Я глядел на ее доброе детски-губастое лицо и думал о проклятом времени, которое могло довести до такого состояния человека, уже никак не связанного с прошлым отечеством. Той страны уже давно нет. Она сошла с ума. Но она все мстит и мстит. А жизнь по-прежнему движется вечной наивностью людей…

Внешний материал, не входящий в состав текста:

lemma negligible_nonzero_if_integral_eq_0:
  fixes f :: "'a::euclidean_space \<Rightarrow> real"
  assumes f: "f integrable_on S" and S: "S \<in> sets lebesgue"
    and nonneg: "\<And>x. x \<in> S \<Longrightarrow> 0 \<le> f x" and zero: "integral S f = 0"
  shows "negligible {x\<in>S. f x \<noteq> 0}"
proof -
  have f_abs: "f absolutely_integrable_on S"
    using nonnegative_absolutely_integrable_1[OF f] nonneg by blast
  then have "integrable lebesgue (\<lambda>x. indicator S x *\<^sub>R f x)"
    by (simp add: set_integrable_def)
  moreover have "(LINT x | lebesgue. indicator S x *\<^sub>R f x) = 0"
    using set_lebesgue_integral_eq_integral(2)[OF f_abs] zero by (simp add: set_lebesgue_integral_def)
  ultimately have "AE x in lebesgue. indicator S x *\<^sub>R f x = 0"
    using integral_nonneg_eq_0_iff_AE[of lebesgue "\<lambda>x. indicator S x *\<^sub>R f x"] nonneg
    by (auto simp: indicator_def)
  then obtain N where "negligible N" "{x. indicator S x *\<^sub>R f x \<noteq> 0} \<subseteq> N"
    unfolding eventually_ae_filter_negligible by blast
  moreover have "{x\<in>S. f x \<noteq> 0} \<subseteq> {x. indicator S x *\<^sub>R f x \<noteq> 0}"
    by (auto simp: indicator_def)
  ultimately show ?thesis
    by (blast intro: negligible_subset)
qed

lemma integrable_on_subset_nonneg:
  fixes f :: "'a::euclidean_space \<Rightarrow> real"
  assumes "f integrable_on S" "T \<in> sets lebesgue" "T \<subseteq> S" "\<And>x. x \<in> S \<Longrightarrow> 0 \<le> f x"
  shows "f integrable_on T"
  using nonnegative_absolutely_integrable_1[OF assms(1)] assms(4)
    set_integrable_subset[OF _ assms(2,3)] set_lebesgue_integral_eq_integral(1) by blast

lemma continuous_on_Icc_attains_nonpos:
  fixes g :: "real \<Rightarrow> real"
  assumes "a \<le> b" and g: "continuous_on {a..b} g"
    and small: "\<And>e. e > 0 \<Longrightarrow> \<exists>x\<ge>a. g x < e"
    and "\<delta> > 0" and tail: "\<And>x. x \<ge> b \<Longrightarrow> \<delta> \<le> g x"
  shows "\<exists>x\<in>{a..b}. g x \<le> 0"
proof -
  obtain x0 where x0: "x0 \<in> {a..b}" "\<And>y. y \<in> {a..b} \<Longrightarrow> g x0 \<le> g y"
    using continuous_attains_inf[OF compact_Icc _ g] \<open>a \<le> b\<close> by auto
  have "g x0 \<le> 0"
  proof (rule ccontr)
    assume "\<not> g x0 \<le> 0"
    then obtain x where "x \<ge> a" "g x < min (g x0) \<delta>"
      using small[of "min (g x0) \<delta>"] \<open>\<delta> > 0\<close> by auto
    then show False
      using x0(2)[of x] tail[of x] by (cases "x \<le> b") auto
  qed
  then show ?thesis
    using x0(1) by blast
qed

section \<open>Concentration profiles\<close>

lemma conc_profile_integrable_on_Icc: "conc_profile C \<Longrightarrow> C integrable_on {0..U}"
  unfolding conc_profile_def by (auto intro: integrable_on_subinterval)

lemma AUC_nonneg: "conc_profile C \<Longrightarrow> AUC C \<ge> 0"
  unfolding conc_profile_def AUC_def by (auto intro: integral_nonneg)

lemma integral_Icc_le_AUC: "conc_profile C \<Longrightarrow> integral {0..U} C \<le> AUC C"
  unfolding AUC_def using conc_profile_integrable_on_Icc
  by (intro integral_subset_le) (auto simp: conc_profile_def)

lemma AUC_cong_AE:
  assumes "AE t in lborel. t \<ge> 0 \<longrightarrow> C t = D t"
  shows "AUC C = AUC D"
proof -
  obtain N where "negligible N" "{t. \<not> (t \<ge> 0 \<longrightarrow> C t = D t)} \<subseteq> N"
    using assms by (auto simp: AE_lborel_iff_negligible)
  then show ?thesis
    unfolding AUC_def by (intro integral_spike[of N]) auto
qed

lemma integral_Ici_eq_AUC_diff:
  assumes C: "conc_profile C" and "U \<ge> 0"
  shows "C integrable_on {U..}" "integral {U..} C = AUC C - integral {0..U} C"
proof -
  have C_nonneg: "\<And>t. t \<ge> 0 \<Longrightarrow> C t \<ge> 0" and C_int: "C integrable_on {0..}"
    using C by (auto simp: conc_profile_def)
  show C_int_U: "C integrable_on {U..}"
    by (rule integrable_on_subset_nonneg[OF C_int]) (use \<open>U \<ge> 0\<close> C_nonneg in auto)
  have "integral ({0..U} \<union> {U..}) C = integral {0..U} C + integral {U..} C"
    by (rule integral_Un[OF conc_profile_integrable_on_Icc[OF C] C_int_U])
       (auto intro: negligible_subset[OF negligible_sing[of U]])
  moreover have "{0..U} \<union> {U..} = {0::real..}"
    using \<open>U \<ge> 0\<close> by auto
  ultimately show "integral {U..} C = AUC C - integral {0..U} C"
    by (simp add: AUC_def)
qed

section \<open>The efficiency (k c - r) / c\<close>

locale kill_rate =
  fixes k :: "real \<Rightarrow> real" and r kmax :: real
  assumes r_pos: "r > 0"
    and k_0: "k 0 = 0"
    and continuous_k: "continuous_on {0..} k"
    and strict_mono_k: "strict_mono_on {0..} k"
    and k_differentiable: "\<And>c. c > 0 \<Longrightarrow> k differentiable (at c)"
    and deriv_k_differentiable: "\<And>c. c > 0 \<Longrightarrow> deriv k differentiable (at c)"
    and k_tendsto_kmax: "(k \<longlongrightarrow> kmax) at_top"
    and kmax_gt_r: "kmax > r"
    and sigmoidal: \<comment> \<open>c_infl = 0 is the concave case\<close>
      "\<exists>c_infl\<ge>0. (\<forall>c. 0 < c \<and> c < c_infl \<longrightarrow> deriv (deriv k) c \<ge> 0) \<and>
                                (\<forall>c>c_infl. deriv (deriv k) c < 0)"
begin

definition efficiency :: "real \<Rightarrow> real" where
  "efficiency c = (k c - r) / c"

definition efficiency_deriv_numer :: "real \<Rightarrow> real" where
  "efficiency_deriv_numer c = c * deriv k c - (k c - r)"

lemma has_deriv_k: "c > 0 \<Longrightarrow> (k has_real_derivative deriv k c) (at c)"
  using k_differentiable DERIV_deriv_iff_real_differentiable by blast

lemma has_deriv_deriv_k: "c > 0 \<Longrightarrow> (deriv k has_real_derivative deriv (deriv k) c) (at c)"
  using deriv_k_differentiable DERIV_deriv_iff_real_differentiable by blast

lemma efficiency_deriv_numer_has_deriv:
  assumes "c > 0"
  shows "(efficiency_deriv_numer has_real_derivative c * deriv (deriv k) c) (at c)"
proof -
  have "((\<lambda>c. c * deriv k c) has_real_derivative 1 * deriv k c + deriv (deriv k) c * c) (at c)"
    by (rule DERIV_mult[OF DERIV_ident has_deriv_deriv_k[OF assms]])
  then have "((\<lambda>c. c * deriv k c - (k c - r)) has_real_derivative
        (1 * deriv k c + deriv (deriv k) c * c) - (deriv k c - 0)) (at c)"
    by (rule DERIV_diff[OF _ DERIV_diff[OF has_deriv_k[OF assms] DERIV_const]])
  then show ?thesis
    unfolding efficiency_deriv_numer_def[abs_def] by (simp add: mult.commute)
qed

lemma efficiency_has_deriv:
  assumes "c > 0"
  shows "(efficiency has_real_derivative efficiency_deriv_numer c / c\<^sup>2) (at c)"
proof -
  have "((\<lambda>c. (k c - r) / c) has_real_derivative
        ((deriv k c - 0) * c - (k c - r) * 1) / (c * c)) (at c)"
    by (intro derivative_intros has_deriv_k assms) (use assms in auto)
  then show ?thesis
    unfolding efficiency_def[abs_def]
    by (simp add: efficiency_deriv_numer_def power2_eq_square algebra_simps)
qed

lemma k_less: "0 \<le> a \<Longrightarrow> a < b \<Longrightarrow> k a < k b"
  using strict_mono_k by (auto simp: strict_mono_on_def)

lemma k_le: "0 \<le> a \<Longrightarrow> a \<le> b \<Longrightarrow> k a \<le> k b"
  using k_less by (cases "a = b") (auto intro: less_imp_le)

lemma k_nonneg: "c \<ge> 0 \<Longrightarrow> k c \<ge> 0"
  using k_le[of 0 c] k_0 by simp

lemma deriv_k_nonneg:
  assumes "c > 0"
  shows "deriv k c \<ge> 0"
proof (rule ccontr)
  assume "\<not> deriv k c \<ge> 0"
  then obtain d where "d > 0" "\<And>h. 0 < h \<Longrightarrow> h < d \<Longrightarrow> k (c + h) < k c"
    using DERIV_neg_dec_right[OF has_deriv_k[OF assms]] by force
  then have "k (c + d/2) < k c"
    by simp
  moreover have "k c < k (c + d/2)"
    using k_less assms \<open>d > 0\<close> by simp
  ultimately show False
    by linarith
qed

lemma k_le_kmax:
  assumes "c \<ge> 0"
  shows "k c \<le> kmax"
proof (rule tendsto_lowerbound[OF k_tendsto_kmax])
  show "\<forall>\<^sub>F x in at_top. k c \<le> k x"
    using eventually_ge_at_top[of c] by eventually_elim (use assms k_le in auto)
qed simp

lemma k_less_r_near_0:
  obtains \<delta> where "\<delta> > 0" "\<And>c. 0 \<le> c \<Longrightarrow> c < \<delta> \<Longrightarrow> k c < r"
proof -
  obtain \<delta> where "\<delta> > 0" "\<forall>c\<in>{0..}. dist c 0 < \<delta> \<longrightarrow> dist (k c) (k 0) < r"
    using continuous_k r_pos unfolding continuous_on_iff by (metis atLeast_iff order_refl)
  then show ?thesis
    using that[of \<delta>] by (force simp: dist_real_def k_0 abs_less_iff)
qed

lemma k_greater_r:
  obtains c where "c > 0" "k c > r"
proof -
  obtain X where "\<And>x. x \<ge> X \<Longrightarrow> r < k x"
    using order_tendstoD(1)[OF k_tendsto_kmax kmax_gt_r] by (auto simp: eventually_at_top_linorder)
  then show ?thesis
    using that[of "max X 1"] by auto
qed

Я сторонился людей. Я был растворен в огромной стихии ужаса, понимаемого в самом широком смысле – народ, государство, дело.
Спектакль принимала комиссия министерства культуры тринадцать раз! Уклончивые, хмурые, хитрые морды, они каждый раз вырезали какое-нибудь слово, реплику, сцену, казавшуюся им двусмысленными. Пьеса, которой режиссеры и «режиссеры» в более широком смысле слова замышляли как антисионистскую, явила свою противоположность. И члены комиссии стонали и все кромсали, кромсали, кромсали. Я хлопал дверью и уходил. И угрожал, что снимаю своё имя. И тогда ко мне присылали гонцов и говорили, что молодой коллектив остается без зарплаты, потому что им нечего показывать, а артисты филармонии, видите ли, получают денежки от количества спектаклей, а не репетиций. А уже давно исчерпанный репетиционный месяц только один…
Я все дальше уходил от себя, терял себя, свою единственную хорошую привычку – недопущение людей в душу. Люди окружали меня постоянно. И каждый доказывал что-то противоположное, одинаково для меня постыдное…
Я терял себя в мутной дряни, где были намешаны неудовлетворения, стыд, страх разоблачения, который явится, когда пьеса появится на сцене. Что-то я не доделал. Не закрутил какую-то гайку на нужный виток. Зачем было соглашаться на пьесу? Зачем было отстраняться от постановки, ведь чувствовал же, что случится что-то гаденькое…
Позвонила Мила:
– Я рада, что классовое чутье в тебе взяло вверх. Если подумать, то что-то может у нас склеиться…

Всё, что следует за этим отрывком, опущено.